59 While Mr De Beer continued to perform some aspects of his work well, receiving positive feedback from first aid courses which he conducted, being one example, he had problems keeping other aspects of his work to required standards, record keeping required for certain registration purposes, for example. When he resigned Mr De Beer told Mr Hedges that he was having problems coping and that he did not believe that he could cope with proposed changes, which would have involved him in more office work and less time on camps. Mr Hedges did not believe that Mr De Beer would have been able to continue in his job as long as he had, without the support he had received at work.

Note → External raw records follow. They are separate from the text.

lemma minimal_closed_extreme_subset:
  assumes "compact F" "closed F" "F \<noteq> {}" "extreme_subset K F"
  obtains M where "M \<subseteq> F" "closed M" "M \<noteq> {}" "extreme_subset K M"
    "\<And>G. G \<subseteq> M \<Longrightarrow> closed G \<Longrightarrow> G \<noteq> {} \<Longrightarrow> extreme_subset K G \<Longrightarrow> G = M"
proof -
  define \<A> where "\<A> = {G. G \<subseteq> F \<and> closed G \<and> G \<noteq> {} \<and> extreme_subset K G}"
  have "\<exists>M\<in>\<A>. \<forall>G\<in>\<A>. G \<subseteq> M \<longrightarrow> G = M"
  proof (rule predicate_Zorn[where P = "\<lambda>G H. H \<subseteq> G"])
    show "partial_order_on \<A> (relation_of (\<lambda>G H. H \<subseteq> G) \<A>)"
      by (rule partial_order_on_relation_ofI) auto
    fix \<C> assume "\<C> \<in> Chains (relation_of (\<lambda>G H. H \<subseteq> G) \<A>)"
    then have "\<C> \<subseteq> \<A>" and chain: "\<And>G H. G \<in> \<C> \<Longrightarrow> H \<in> \<C> \<Longrightarrow> G \<subseteq> H \<or> H \<subseteq> G"
      by (auto simp: Chains_def relation_of_def)
    show "\<exists>L\<in>\<A>. \<forall>G\<in>\<C>. L \<subseteq> G"
    proof (cases "\<C> = {}")
      case True
      then show ?thesis
        using assms by (auto simp: \<A>_def)
    next
      case False
      have "\<Inter>\<C> \<noteq> {}"
        using \<open>\<C> \<subseteq> \<A>\<close>
        by (intro closed_chain_Inter_nonempty[OF \<open>compact F\<close> False _ chain]) (auto simp: \<A>_def)
      moreover have "extreme_subset K (\<Inter>\<C>)"
        using \<open>\<C> \<subseteq> \<A>\<close> by (intro extreme_subset_Inter[OF False]) (auto simp: \<A>_def)
      ultimately have "\<Inter>\<C> \<in> \<A>"
        using \<open>\<C> \<subseteq> \<A>\<close> False unfolding \<A>_def by (auto intro: closed_Inter)
      then show ?thesis
        by blast
    qed
  qed
  then obtain M where "M \<in> \<A>" and minimal: "\<And>G. G \<in> \<A> \<Longrightarrow> G \<subseteq> M \<Longrightarrow> G = M"
    by blast
  show thesis
  proof (rule that)
    show "M \<subseteq> F" "closed M" "M \<noteq> {}" "extreme_subset K M"
      using \<open>M \<in> \<A>\<close> by (simp_all add: \<A>_def)
    show "G = M" if "G \<subseteq> M" "closed G" "G \<noteq> {}" "extreme_subset K G" for G
      using that \<open>M \<subseteq> F\<close> by (intro minimal) (auto simp: \<A>_def)
  qed
qed

lemma closed_extreme_subset_meets_ext_pts:
  assumes "compact F" "closed F" "F \<noteq> {}" "extreme_subset K F"
  obtains f where "f \<in> F" "f \<in> ext_pts K"
proof -
  obtain M where M: "M \<subseteq> F" "closed M" "M \<noteq> {}" "extreme_subset K M"
    and minimal: "\<And>G. G \<subseteq> M \<Longrightarrow> closed G \<Longrightarrow> G \<noteq> {} \<Longrightarrow> extreme_subset K G \<Longrightarrow> G = M"
    using minimal_closed_extreme_subset[OF assms] by blast
  have "compact M"
    using compact_Int_closed[OF assms(1) M(2)] M(1) by (simp add: Int_absorb1)
  \<comment> \<open>By minimality \<open>M\<close> is a singleton: the maximisers of a point evaluation on \<open>M\<close>
    form a closed extreme subset of \<open>M\<close>.\<close>
  have same_values: "f x = f' x" if "f \<in> M" "f' \<in> M" for f f' x
  proof -
    have "continuous_on M (\<lambda>g. g x)"
      by (rule continuous_on_subset[OF continuous_on_product_coordinates]) simp
    then obtain m where "m \<in> M" and max: "\<And>g. g \<in> M \<Longrightarrow> g x \<le> m x"
      using continuous_attains_sup[OF \<open>compact M\<close> \<open>M \<noteq> {}\<close>] by blast
    define G where "G = {g \<in> M. g x = m x}"
    have "extreme_subset K G"
      unfolding G_def using M(4) by (rule extreme_subset_maximizers) (simp_all add: max)
    moreover have "closed G"
      unfolding G_def using \<open>continuous_on M (\<lambda>g. g x)\<close> M(2)
      by (rule continuous_closed_preimage_constant)
    moreover have "G \<noteq> {}"
      using \<open>m \<in> M\<close> by (auto simp: G_def)
    ultimately have "G = M"
      by (intro minimal) (auto simp: G_def)
    with that have "f \<in> G" "f' \<in> G"
      by simp_all
    then show ?thesis
      by (simp add: G_def)
  qed
  obtain f where "f \<in> M"
    using M(3) by blast
  then have "M = {f}"
    using same_values by blast
  have "f \<in> ext_pts K"
    unfolding ext_pts_def
  proof (intro CollectI conjI ballI allI impI)
    show "f \<in> K"
      using M(4) \<open>f \<in> M\<close> unfolding extreme_subset_def by blast
    fix g h t
    assume "g \<in> K" "h \<in> K" and comb: "0 < t \<and> t < 1 \<and> f = (\<lambda>x. t * g x + (1 - t) * h x)"
    then have "g \<in> M" "h \<in> M"
      using M(4) \<open>f \<in> M\<close> unfolding extreme_subset_def by metis+
    with \<open>M = {f}\<close> show "g = h"
      by blast
  qed
  with \<open>f \<in> M\<close> M(1) show thesis
    by (intro that) auto
qed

60 Mr Johnston's evidence was that he had employed Mr De Beer as the Activities Co-ordinator in June 2008, at the Baden Powell Scout Centre. He was aware of Mr De Beer's accident before he employed him. He had a high opinion of Mr De Beer, based on his earlier knowledge of him, through his involvement with Scouts. He believed Mr De Beer to be capable and competent. After a couple of months Mr De Beer asked to reduce his working week to three days, because he was not coping. Mr Johnston agreed because he did not want to lose Mr De Beer as an employee.

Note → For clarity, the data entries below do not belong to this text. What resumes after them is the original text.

lemma perm_delete_permutes:
  assumes p: "p permutes {1..n}" and pj: "p j = v" and j: "j \<in> {1..n}"
  shows "perm_delete j v p permutes {1..n-1}"
proof (rule permutes_if_inj_on)
  have "inj p" using p by (rule permutes_inj)
  then have nv: "p (shift_up j x) \<noteq> v" for x
    using pj shift_up_neq[of j x] by (metis injD)
  show "inj_on (perm_delete j v p) {1..n - 1}"
  proof (rule inj_onI)
    fix x y assume "perm_delete j v p x = perm_delete j v p y"
    then have "p (shift_up j x) = p (shift_up j y)"
      using nv by (simp add: perm_delete_def shift_down_eq_iff)
    then show "x = y" using \<open>inj p\<close> by (simp add: inj_eq)
  qed
  have v: "v \<in> {1..n}" using pj j permutes_in_image[OF p] by blast
  show "perm_delete j v p ` {1..n - 1} \<subseteq> {1..n - 1}"
  proof clarify
    fix x assume "x \<in> {1..n-1}"
    then have "shift_up j x \<in> {1..n}" using j by (auto simp: shift_up_def)
    then have "p (shift_up j x) \<in> {1..n}" using permutes_in_image[OF p] by blast
    then show "perm_delete j v p x \<in> {1..n-1}"
      using nv[of x] v by (auto simp: perm_delete_def shift_down_def)
  qed
  fix x assume x: "x \<notin> {1..n-1}"
  then have "shift_up j x \<notin> {1..n}" "shift_down v (shift_up j x) = x"
    using j v by (auto simp: shift_up_def shift_down_def)
  then show "perm_delete j v p x = x"
    using permutes_not_in[OF p] by (simp add: perm_delete_def)
qed simp

lemma perm_insert_permutes:
  assumes q: "q permutes {1..n-1}" and j: "j \<in> {1..n}" and v: "v \<in> {1..n}"
  shows "perm_insert j v q permutes {1..n}"
proof (rule permutes_if_inj_on)
  have "inj q" using q by (rule permutes_inj)
  show "inj_on (perm_insert j v q) {1..n}"
  proof (rule inj_onI)
    fix x y assume eq: "perm_insert j v q x = perm_insert j v q y"
    show "x = y"
    proof (cases "x = j \<or> y = j")
      case True
      then show ?thesis using eq by (auto simp: perm_insert_def split: if_splits)
    next
      case False
      then have "q (shift_down j x) = q (shift_down j y)" using eq by (simp add: perm_insert_def)
      then have "shift_down j x = shift_down j y" using \<open>inj q\<close> by (simp add: inj_eq)
      then show ?thesis using False by (metis shift_up_shift_down)
    qed
  qed
  show "perm_insert j v q ` {1..n} \<subseteq> {1..n}"
  proof clarify
    fix x assume x: "x \<in> {1..n}"
    show "perm_insert j v q x \<in> {1..n}"
    proof (cases "x = j")
      case False
      then have "shift_down j x \<in> {1..n-1}" using x j by (auto simp: shift_down_def)
      then have "q (shift_down j x) \<in> {1..n-1}" using permutes_in_image[OF q] by blast
      then show ?thesis using False v by (auto simp: perm_insert_def shift_up_def)
    qed (use v in \<open>simp add: perm_insert_def\<close>)
  qed
  fix x assume x: "x \<notin> {1..n}"
  then have "shift_down j x \<notin> {1..n-1}" "shift_up v (shift_down j x) = x"
    using j v by (auto simp: shift_up_def shift_down_def)
  then show "perm_insert j v q x = x"
    using x j permutes_not_in[OF q] by (auto simp: perm_insert_def)
qed simp

lemma perm_delete_insert [simp]: "perm_delete j v (perm_insert j v q) = q"
  by (simp add: perm_delete_def perm_insert_def)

61 Mr Johnston had become aware of Mr De Beer's physical and mental problems at work. He observed Mr De Beer frequently to be very tired when working five days a week. Since reducing to three days, there had been some occasions when Mr De Beer has worked additional days. He has been particularly exhausted if he works more than one day in a row. After three consecutive days Mr De Beer has been completely exhausted. Mr Johnston had seen tiredness to the point of Mr De Beer having difficulty concentrating and having difficulty following a discussion.
62 Mr Johnston has tried to be as flexible as possible to let Mr De Beer have time off when he needed it. Mr De Beer did not tell him that he was suffering from depression. He learned of this from another staff member, but he thought that this explained some of the problems he had observed. Mr Johnston had a high opinion of Mr De Beer, explaining that he did a very good job co-ordinating activities and related well to children. He would be keen to promote Mr De Beer, but for his reduced hours and problems with tiredness and concentration.
63 On Mr Johnston's evidence those problems presently precluded Mr De Beer's promotion to Activities Co-coordinator for New South Wales, which would have a starting salary of $50,000, with progress potentially available to $90,000 per annum.
64 Mr Reeves was called by the defendant. He was employed as the Galston Gorge Conference and Recreation Centre Director at Crusaders. He had worked with Mr De Beer when they both worked as camp leaders at camps where he was mostly the Director and Mr De Beer one of 5 or 6 leaders of groups. He had limited contact with Mr De Beer once he became the Trainer. He could not recall Mr De Beer having any problems with tiredness or concentration and Mr De Beer had never approached him with such a complaint. His impression was that Mr De Beer was a good leader.
65 On Mr De Beer's evidence he had never discussed his problems with Mr Reeves. He did not want everyone to know of his problems, which he discussed with Mr Hedges, who knew how he was dealing with them.